NERS PhD Alum Stephen Taller receives DOE Rapid Turnaround Experiment award
The award will allow Taller to use the Michigan Ion Beam Laboratory to perform in-situ dual ion beam irradiation.
The award will allow Taller to use the Michigan Ion Beam Laboratory to perform in-situ dual ion beam irradiation.
Dr. Stephen Taller, an alum of the U-M Department of Nuclear Engineering & Radiological Sciences (NERS), has been awarded a Rapid Turnaround Experiment (RTE) project from the U.S. Department of Energy – Office of Nuclear Energy (DOE-NE) Nuclear Science User Facilities (NSUF). Part of Taller’s research will be conducted at NERS in the Michigan Ion Beam Laboratory (MIBL).
Taller received his PhD from NERS in January 2020 and then worked as a postdoc with Prof. Gary Was in MIBL. He is currently an Alvin M. Weinberg Fellow at Oak Ridge National Laboratory (ORNL). He received the fellowship for his research into radiation effects in commercial nuclear materials and emerging material systems. The award enables supplementary experiments to add to Taller’s ongoing research projects at ORNL and to have a better understanding of additively manufactured nickel-based superalloys for advanced reactor applications.
Taller’s research is based on the challenges of the structural materials used for high-temperature advanced reactors. Nickel-based superalloys are a candidate alloy class because of their intrinsic resistance to creep, adequate corrosion resistance, and the ability to tailor the microstructure for high strength through controlled precipitate formation. In reactors, the absorption of transmutation-produced helium at grain boundaries becomes a key factor in the propagation of cracks. Taller’s research will examine how the precipitate-lattice interfaces can act as benign locations in the microstructure to trap helium, reducing the detrimental accumulation of helium and the formation of cavities at grain boundaries.

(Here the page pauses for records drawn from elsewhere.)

text \<open>\<open>-cos_power_antideriv a (arccos t)\<close> is an antiderivative of \<open>t ^ a / sqrt (1 - t\<^sup>2)\<close>;
  adding \<open>arcsin\<close> makes the derivative nonnegative, which the improper FTC above requires.\<close>
definition cheb_antideriv :: "nat \<Rightarrow> real \<Rightarrow> real" where
  "cheb_antideriv a t = (arcsin t - cos_power_antideriv a (arccos t)) / pi"

lemma cheb_antideriv_deriv:
  assumes "-1 < t" "t < 1"
  shows "DERIV (cheb_antideriv a) t :> (1 + t ^ a) * (1 / sqrt (1 - t\<^sup>2)) / pi"
proof -
  have "t\<^sup>2 < 1"
    using assms by (simp add: abs_square_less_1)
  then have "sqrt (1 - t\<^sup>2) \<noteq> 0"
    by simp
  moreover have "DERIV (\<lambda>t. cos_power_antideriv a (arccos t)) t
      :> cos (arccos t) ^ a * inverse (- sqrt (1 - t\<^sup>2))"
    by (rule DERIV_chain2[OF cos_power_antideriv_deriv DERIV_arccos[OF assms]])
  ultimately show ?thesis
    unfolding cheb_antideriv_def using assms
    by (auto intro!: derivative_eq_intros DERIV_arcsin simp: divide_simps)
qed

lemma cheb_antideriv_continuous: "continuous_on {-1..1} (cheb_antideriv a)"
proof -
  have "continuous_on UNIV (cos_power_antideriv a)"
    using cos_power_antideriv_deriv by (meson DERIV_isCont continuous_at_imp_continuous_on)
  then have "continuous_on {-1..1} (\<lambda>t. cos_power_antideriv a (arccos t))"
    by (rule continuous_on_compose2[OF _ continuous_on_arccos']) auto
  then show ?thesis
    unfolding cheb_antideriv_def by (intro continuous_intros continuous_on_arcsin') auto
qed
definition mkey :: "('a \<Rightarrow> 'a \<Rightarrow> real) \<Rightarrow> ('a \<Rightarrow> 'a \<Rightarrow> real) \<Rightarrow> ('a \<Rightarrow> real) \<Rightarrow> ('a \<Rightarrow> real)
    \<Rightarrow> 'a list \<Rightarrow> real \<times> real" where
  "mkey c1 c2 h1 h2 x = (pcost c1 x + h1 (last x), pcost c2 x + h2 (last x))"

definition ms_process ::
  "('a \<times> 'a) set \<Rightarrow> ('a \<Rightarrow> 'a \<Rightarrow> real) \<Rightarrow> ('a \<Rightarrow> 'a \<Rightarrow> real) \<Rightarrow> real \<Rightarrow> 'a set
   \<Rightarrow> ('a \<Rightarrow> real) \<Rightarrow> ('a \<Rightarrow> real) \<Rightarrow> ('a \<Rightarrow> real) \<Rightarrow> ('a \<Rightarrow> real)
   \<Rightarrow> 'a list \<Rightarrow> 'a ms \<Rightarrow> 'a ms" where
  "ms_process E c1 c2 W X h1 h2 ub1 ub2 x \<sigma> =
    (let u = last x; ga = pcost c1 x; gb = pcost c2 x;
         \<sigma>1 = \<sigma>\<lparr>ms_open := ms_open \<sigma> - {#x#}, ms_gmin := (ms_gmin \<sigma>)(u := ereal gb)\<rparr>;
         fa' = ga + ub1 u; fb' = gb + ub2 u; fx1 = ga + h1 u;
         \<sigma>2 = (if fb' \<le> W then
                 (if ereal fx1 < ms_f1bar \<sigma>1 \<or> ereal fb' < ms_f2sol \<sigma>1
                  then \<sigma>1\<lparr>ms_f1bar := ereal fx1, ms_f2sol := ereal fb', ms_sol := Some x\<rparr>
                  else \<sigma>1)
               else if ereal fa' < ms_f1bar \<sigma>1
                 then \<sigma>1\<lparr>ms_f1bar := ereal fa', ms_f2sol := \<infinity>\<rparr>
                 else \<sigma>1)
     in if h1 u = ub1 u then \<sigma>2
        else \<sigma>2\<lparr>ms_open := ms_open \<sigma>2 +
               mset_set {x @ [v] | v. (u, v) \<in> E \<and> v \<in> X \<and>
                  \<not> (ereal (gb + c2 u v) \<ge> ms_gmin \<sigma>2 v) \<and>
                  \<not> (ereal (ga + c1 u v + h1 v) > ms_f1bar \<sigma>2) \<and>
                  \<not> (gb + c2 u v + h2 v > W)}\<rparr>)"
(* Let $\mathbb M=(V,d)$ be a binary structure and let $A,B$ be robust modules of $\mathbb M$, each with at least two elements, such that $B\subsetneq A$, the Gallai quotients of $A$ and of $B$ are not prime, and $t(A)=t(B)$. Then there is a robust module $C$ with $B\subsetneq C\subsetneq A$ whose type is different from $t(A)$.
   Context: A binary structure over a set $W$ is a pair $\mathbb M=(V,d)$ with $d:V\times V\to W$. A module of $\mathbb M$ is a set $A\subseteq V$ such that $d(x,y)=d(x,y')$ and $d(y,x)=d(y',x)$ for all $x\in V\setminus A$ and $y,y'\in A$. A module is strong if for every module $B$, either $A\subseteq B$, $B\subseteq A$, or $A\cap B=\emptyset$. For $X\subseteq V$, $S_{\mathbb M}(X)$ is the intersection of all strong modules containing $X$. A module is robust if it is a singleton or equals $S_{\mathbb M}(\{x,y\})$ for some distinct $x,y\in V$. For a strong module $A$ and $x,y\in A$, put $x\equiv_A y$ iff $x=y$ or some strong module containing $x,y$ is properly contained in $A$; this is an equivalence relation whose classes (the components of $A$) are modules, and if $A$ is robust with at least two elements there are at least two components. For disjoint non-empty modules $X,Y$, $d(X,Y)$ denotes the common value of $d(x,y)$, $x\in X$, $y\in Y$. The Gallai quotient of a robust $A$ with $|A|\ge2$ is the binary structure on the set of components of $A$ given by $(I,J)\mapsto d(I,J)$ for $I\neq J$. It is prime if it has at least three elements and only trivial modules (empty, singletons, whole set). The type of $A$ is "prime" if its Gallai quotient is prime, and otherwise $t(A)$ is the set $\{d(I,J): I,J$ distinct components of $A\}$. *)

theory Defs
  imports Main
begin

text \<open>A binary structure is a pair (V, d) with d : V x V -> W; we represent it by a
  carrier set V and a function d (only its values on V x V matter).\<close>

definition is_module :: "'a set \<Rightarrow> ('a \<Rightarrow> 'a \<Rightarrow> 'w) \<Rightarrow> 'a set \<Rightarrow> bool" where
  "is_module V d A \<longleftrightarrow> A \<subseteq> V \<and>
     (\<forall>x\<in>V - A. \<forall>y\<in>A. \<forall>y'\<in>A. d x y = d x y' \<and> d y x = d y' x)"

definition strong_module :: "'a set \<Rightarrow> ('a \<Rightarrow> 'a \<Rightarrow> 'w) \<Rightarrow> 'a set \<Rightarrow> bool" where
  "strong_module V d A \<longleftrightarrow> is_module V d A \<and>
     (\<forall>B. is_module V d B \<longrightarrow> A \<subseteq> B \<or> B \<subseteq> A \<or> A \<inter> B = {})"

definition S_mod :: "'a set \<Rightarrow> ('a \<Rightarrow> 'a \<Rightarrow> 'w) \<Rightarrow> 'a set \<Rightarrow> 'a set" where
  "S_mod V d X = \<Inter>{A. strong_module V d A \<and> X \<subseteq> A}"

definition robust :: "'a set \<Rightarrow> ('a \<Rightarrow> 'a \<Rightarrow> 'w) \<Rightarrow> 'a set \<Rightarrow> bool" where
  "robust V d A \<longleftrightarrow> is_module V d A \<and>
     ((\<exists>x\<in>V. A = {x}) \<or> (\<exists>x\<in>V. \<exists>y\<in>V. x \<noteq> y \<and> A = S_mod V d {x, y}))"

definition comp_rel :: "'a set \<Rightarrow> ('a \<Rightarrow> 'a \<Rightarrow> 'w) \<Rightarrow> 'a set \<Rightarrow> 'a \<Rightarrow> 'a \<Rightarrow> bool" where
  "comp_rel V d A x y \<longleftrightarrow> x \<in> A \<and> y \<in> A \<and>
     (x = y \<or> (\<exists>B. strong_module V d B \<and> x \<in> B \<and> y \<in> B \<and> B \<subset> A))"

definition components :: "'a set \<Rightarrow> ('a \<Rightarrow> 'a \<Rightarrow> 'w) \<Rightarrow> 'a set \<Rightarrow> 'a set set" where
  "components V d A = {{y \<in> A. comp_rel V d A x y} | x. x \<in> A}"

text \<open>d(X,Y) for disjoint nonempty modules: the common value of d(x,y).\<close>
definition dmod :: "('a \<Rightarrow> 'a \<Rightarrow> 'w) \<Rightarrow> 'a set \<Rightarrow> 'a set \<Rightarrow> 'w" where
  "dmod d X Y = d (SOME x. x \<in> X) (SOME y. y \<in> Y)"

definition gallai_d :: "('a \<Rightarrow> 'a \<Rightarrow> 'w) \<Rightarrow> 'a set \<Rightarrow> 'a set \<Rightarrow> 'w" where
  "gallai_d d = dmod d"

definition prime_struct :: "'b set \<Rightarrow> ('b \<Rightarrow> 'b \<Rightarrow> 'w) \<Rightarrow> bool" where
  "prime_struct U e \<longleftrightarrow> (\<exists>a\<in>U. \<exists>b\<in>U. \<exists>c\<in>U. a \<noteq> b \<and> a \<noteq> c \<and> b \<noteq> c) \<and>
     (\<forall>X. is_module U e X \<longrightarrow> X = {} \<or> (\<exists>u. X = {u}) \<or> X = U)"

definition gallai_prime :: "'a set \<Rightarrow> ('a \<Rightarrow> 'a \<Rightarrow> 'w) \<Rightarrow> 'a set \<Rightarrow> bool" where
  "gallai_prime V d A \<longleftrightarrow> prime_struct (components V d A) (gallai_d d)"

datatype 'w mtype = Prime | Values "'w set"

definition type_of :: "'a set \<Rightarrow> ('a \<Rightarrow> 'a \<Rightarrow> 'w) \<Rightarrow> 'a set \<Rightarrow> 'w mtype" where
  "type_of V d A = (if gallai_prime V d A then Prime
     else Values {dmod d I J | I J. I \<in> components V d A \<and> J \<in> components V d A \<and> I \<noteq> J})"

end

theory Submission
  imports Defs
begin

text \<open>By Gallai's theorem, a strong module \<open>C\<close> whose Gallai quotient is not prime has a complete
  or linear quotient: points of \<open>C\<close> in different components see each other with the values
  \<open>t(C)\<close>, and no triangle of components is cyclically oriented.

  Take \<open>B = S{b, b'}\<close>, let \<open>X\<close> be the component of \<open>A\<close> containing \<open>b\<close> (so \<open>B \<subseteq> X \<subset> A\<close>), and
  let \<open>D\<close> be the component of \<open>b\<close> in \<open>B\<close> if \<open>X = B\<close>, and \<open>D = B\<close> otherwise. Suppose every
  \<open>z \<in> X - D\<close> were separated from \<open>b\<close> by a strong module of type \<open>t(A)\<close>; the points of \<open>A - X\<close>
  are separated from \<open>b\<close> by \<open>A\<close> itself. Then every \<open>z \<in> A - D\<close> sees \<open>b\<close> with the values \<open>t(A)\<close>,
  and two points seeing \<open>b\<close> in opposite orientations see each other as they see \<open>b\<close>. Hence \<open>D\<close>
  together with the points of one orientation, or else \<open>A - D\<close>, would be a module overlapping the
  strong module \<open>X\<close>. So some \<open>z \<in> X - D\<close> is not separated in this way: if \<open>X = B\<close> this
  contradicts \<open>t(B) = t(A)\<close>, and otherwise the robust module \<open>S{b, z}\<close> lies strictly between \<open>B\<close>
  and \<open>A\<close> and has a type different from \<open>t(A)\<close>.\<close>

section \<open>Modules and strong modules\<close>

lemma is_moduleI:
  assumes "M \<subseteq> P"
    and "\<And>x y y'. x \<in> P \<Longrightarrow> x \<notin> M \<Longrightarrow> y \<in> M \<Longrightarrow> y' \<in> M \<Longrightarrow> e x y = e x y' \<and> e y x = e y' x"
  shows "is_module P e M"
  using assms unfolding is_module_def by blast

lemma is_moduleD:
  "is_module P e M \<Longrightarrow> x \<in> P \<Longrightarrow> x \<notin> M \<Longrightarrow> y \<in> M \<Longrightarrow> y' \<in> M \<Longrightarrow> e x y = e x y' \<and> e y x = e y' x"
  unfolding is_module_def by blast

lemma is_module_subset: "is_module P e M \<Longrightarrow> M \<subseteq> P"
  unfolding is_module_def by blast
definition assignments :: "'a set \<Rightarrow> ('a \<Rightarrow> 'a \<Rightarrow> bool) \<Rightarrow> 'a \<Rightarrow> ('a \<Rightarrow> 'a) set" where
  "assignments V E r = (\<Pi>\<^sub>E v\<in>V - {r}. {u. E v u})"

definition on_cycle :: "'a set \<Rightarrow> 'a \<Rightarrow> ('a \<Rightarrow> 'a) \<Rightarrow> 'a \<Rightarrow> bool" where
  "on_cycle V r s v \<longleftrightarrow> (\<exists>k>0. (s ^^ k) v = v \<and> (\<forall>i<k. (s ^^ i) v \<in> V - {r}))"

definition dir_cycles :: "'a set \<Rightarrow> 'a \<Rightarrow> ('a \<Rightarrow> 'a) \<Rightarrow> 'a set set" where
  "dir_cycles V r s = {{(s ^^ i) v | i. True} | v. on_cycle V r s v}"

definition Z_tree :: "'a set \<Rightarrow> ('a \<Rightarrow> 'a \<Rightarrow> bool) \<Rightarrow> 'a \<Rightarrow> nat \<Rightarrow> nat" where
  "Z_tree V E r j = card {s \<in> assignments V E r. card (dir_cycles V r s) = j}"

end

theory Submission
  imports Defs
begin

text \<open>
  Let \<open>s\<close> be an assignment with exactly one directed cycle. The vertices on the cycle do not
  reach \<open>r\<close>, so connectivity yields an edge \<open>{x, y}\<close> with \<open>x\<close> not reaching \<open>r\<close> and \<open>y\<close>
  reaching it. The \<open>s\<close>-path from \<open>x\<close> runs into the cycle; let \<open>e\<close> be its last new vertex,
  so that the arc \<open>e \<rightarrow> s e\<close> closes the cycle. Reversing the path from \<open>x\<close> to \<open>e\<close> and
  sending \<open>x\<close> to \<open>y\<close> gives an assignment \<open>t\<close> in which every vertex reaches \<open>r\<close>, i.e. a
  tree. The triple \<open>(t, x, {e, s e})\<close> determines \<open>s\<close>: the reversed path is the \<open>t\<close>-path
  from \<open>e\<close> to \<open>x\<close>, and \<open>e\<close> is the endpoint of the recorded edge, since reading the edge
  the other way round would put both endpoints on a cycle of \<open>t\<close>. Hence
  \<open>Z\<^sub>1 \<le> Z\<^sub>0 \<cdot> (n - 1) \<cdot> m\<close>.
\<close>

section \<open>Rho-shaped orbits\<close>

lemma funpow_apply_funpow: "(f^^m) ((f^^n) x) = (f^^(m + n)) x"
  by (simp add: funpow_add)

lemma funpow_cycle_stays_in:
  assumes "(f^^k) v = v" "0 < k" "\<forall>i<k. (f^^i) v \<in> A"
  shows "(f^^i) v \<in> A"
  using assms funpow_mod_eq[where f = f and n = k and x = v and m = i]
  by (metis mod_less_divisor)
definition moran_dist :: "'a set \<Rightarrow> ('a \<Rightarrow> 'a \<Rightarrow> bool) \<Rightarrow> real \<Rightarrow> 'a \<Rightarrow> nat \<Rightarrow> 'a set pmf" where
  "moran_dist V E r x0 i = ((\<lambda>p. bind_pmf p (moran_step V E r)) ^^ i) (return_pmf {x0})"

text \<open>Expected absorption time E[tau] = sum_{i>=0} P(tau > i). Since the states {} and V
  are absorbing, tau > i iff X_i is neither {} nor V.\<close>
definition moran_expected_absorption_time ::
  "'a set \<Rightarrow> ('a \<Rightarrow> 'a \<Rightarrow> bool) \<Rightarrow> real \<Rightarrow> 'a \<Rightarrow> ennreal" where
  "moran_expected_absorption_time V E r x0 =
     (\<Sum>i. ennreal (measure_pmf.prob (moran_dist V E r x0 i) {S. S \<noteq> {} \<and> S \<noteq> V}))"

end

theory Submission
  imports Defs
begin
lemma rank_factorization:
  assumes M: "M \<in> carrier_mat n nc"
  obtains ws C where "set ws \<subseteq> carrier_vec n" "length ws = rank M"
    "C \<in> carrier_mat (rank M) nc" "M = mat_of_cols n ws * C"
proof -
  obtain S where S: "maximal S (\<lambda>T. T \<subseteq> set (cols M) \<and> lin_indpt T)"
    using maximal_exists[of "\<lambda>T. T \<subseteq> set (cols M) \<and> lin_indpt T" "card (set (cols M))" "{}"]
    by (meson List.finite_set card_mono empty_iff empty_subsetI finite_lin_indpt2 rev_finite_subset)
  have S_sub: "S \<subseteq> set (cols M)" using S unfolding maximal_def by auto
  then obtain ws where ws: "distinct ws" "set ws = S"
    using finite_distinct_list rev_finite_subset by blast
  have len: "length ws = rank M" using rank_card_indpt[OF M S] ws distinct_card by metis
  have carrier: "set ws \<subseteq> carrier_vec n" using ws S_sub cols_dim[of M] M by auto
  obtain C where "C \<in> carrier_mat (length ws) nc" "M = mat_of_cols n ws * C"
    using mat_of_cols_factor[OF M carrier] set_cols_subset_span_maximal_indpt[OF M S] ws by auto
  with carrier len show ?thesis using that by auto
qed

end

lemma rank_mult_mult_le:
  fixes M :: "'a::field mat"
  assumes A: "A \<in> carrier_mat k n" and M: "M \<in> carrier_mat n n'" and B: "B \<in> carrier_mat n' l"
  shows "vec_space.rank k (A * M * B) \<le> vec_space.rank n M"
proof -
  define r where "r = vec_space.rank n M"
  obtain ws C where ws: "set ws \<subseteq> carrier_vec n" "length ws = r"
    and C: "C \<in> carrier_mat r n'" and M_eq: "M = mat_of_cols n ws * C"
    using vec_space.rank_factorization[OF M] unfolding r_def by metis
  have W: "mat_of_cols n ws \<in> carrier_mat n r" using ws by auto
  have AW: "A * mat_of_cols n ws \<in> carrier_mat k r" using A W by auto
  have CB: "C * B \<in> carrier_mat r l" using C B by auto
  have "A * M * B = (A * mat_of_cols n ws) * (C * B)"
    unfolding M_eq using assoc_mult_mat[OF A W C] assoc_mult_mat[OF AW C B] by simp
  then have "vec_space.rank k (A * M * B) \<le> card (set (cols (A * mat_of_cols n ws)))"
    using vec_space.rank_le_card_spanning_set[OF mult_carrier_mat[OF AW CB] _ _
        vec_space.set_cols_mult_subset_span[OF AW CB]] cols_dim[of "A * mat_of_cols n ws"] AW
    by auto
  also have "\<dots> \<le> r" using AW by (metis card_length cols_length carrier_matD(2))
  finally show ?thesis unfolding r_def .
qed

lemma keys_add_nat:
  fixes a b :: "'k \<Rightarrow>\<^sub>0 nat"
  shows "Poly_Mapping.keys (a + b) = Poly_Mapping.keys a \<union> Poly_Mapping.keys b"
  by (auto simp: in_keys_iff lookup_add)

lemma lookup_mult_single_shift:
  fixes p :: "'k::cancel_comm_monoid_add \<Rightarrow>\<^sub>0 'b::comm_semiring_1"
  shows "Poly_Mapping.lookup (p * Poly_Mapping.single b c) (k + b) = Poly_Mapping.lookup p k * c"
proof -
  have "((c when b = q) when k + b = l + q) = ((c when k = l) when b = q)" for l q
    by (auto simp: when_def)
  then show ?thesis
    by (simp add: lookup_mult lookup_single mult_when)
qed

This RTE award will give him access to MIBL, where he’ll perform in-situ dual ion beam irradiation with direct TEM observation.
In the south target room of MIBL, two beamlines, BL6 and BL8, are connected to the 300 kV Tecnai Fisher Scientific TEM. BL6 can deliver ions from the 400 kV NEC ion implanter into the microscope while BL8 can deliver low-energy helium beams. Taller will use the two beamlines with the high-temperature sample holder to observe the nucleation and growth of helium-induced bubbles in an example nickel-based superalloy as a function of temperature. “I think it will be a challenging set of experiments to set up and perform with interesting knowledge to gain,” he said.
“Ever since the transmission electron microscope was commissioned in 2018 in MIBL while I was still a student in NERS,” Taller said, “I have been contemplating the types of experiments and the breadth of knowledge a dual ion beam irradiation experiment inside a TEM can discover. There are only a handful of laboratories around the world capable of this type of experiment and I feel grateful to be able to work with MIBL through this award.”
According to the DOE, the selection process for awarding RTE projects is driven by several factors including technical approach, DOE-NE’s mission relevance, and scientific-technical merit. Through the RTE solicitation, a researcher can apply for no-cost access to NSUF’s capabilities located across the United States.
“My long-term objective is to see the continued use of nuclear technology for widespread electricity generation through the development of radiation-resistant materials,” Taller said. “There are a lot of good ideas that need knowledge of radiation damage in materials to make that jump from paper to reality. I am using the knowledge of helium effects from my PhD and this fellowship at ORNL to continue research into radiation effects in commercial nuclear materials and emerging material systems in pursuit of my goal of seeing nuclear energy prosper in a safe and sustainable manner.”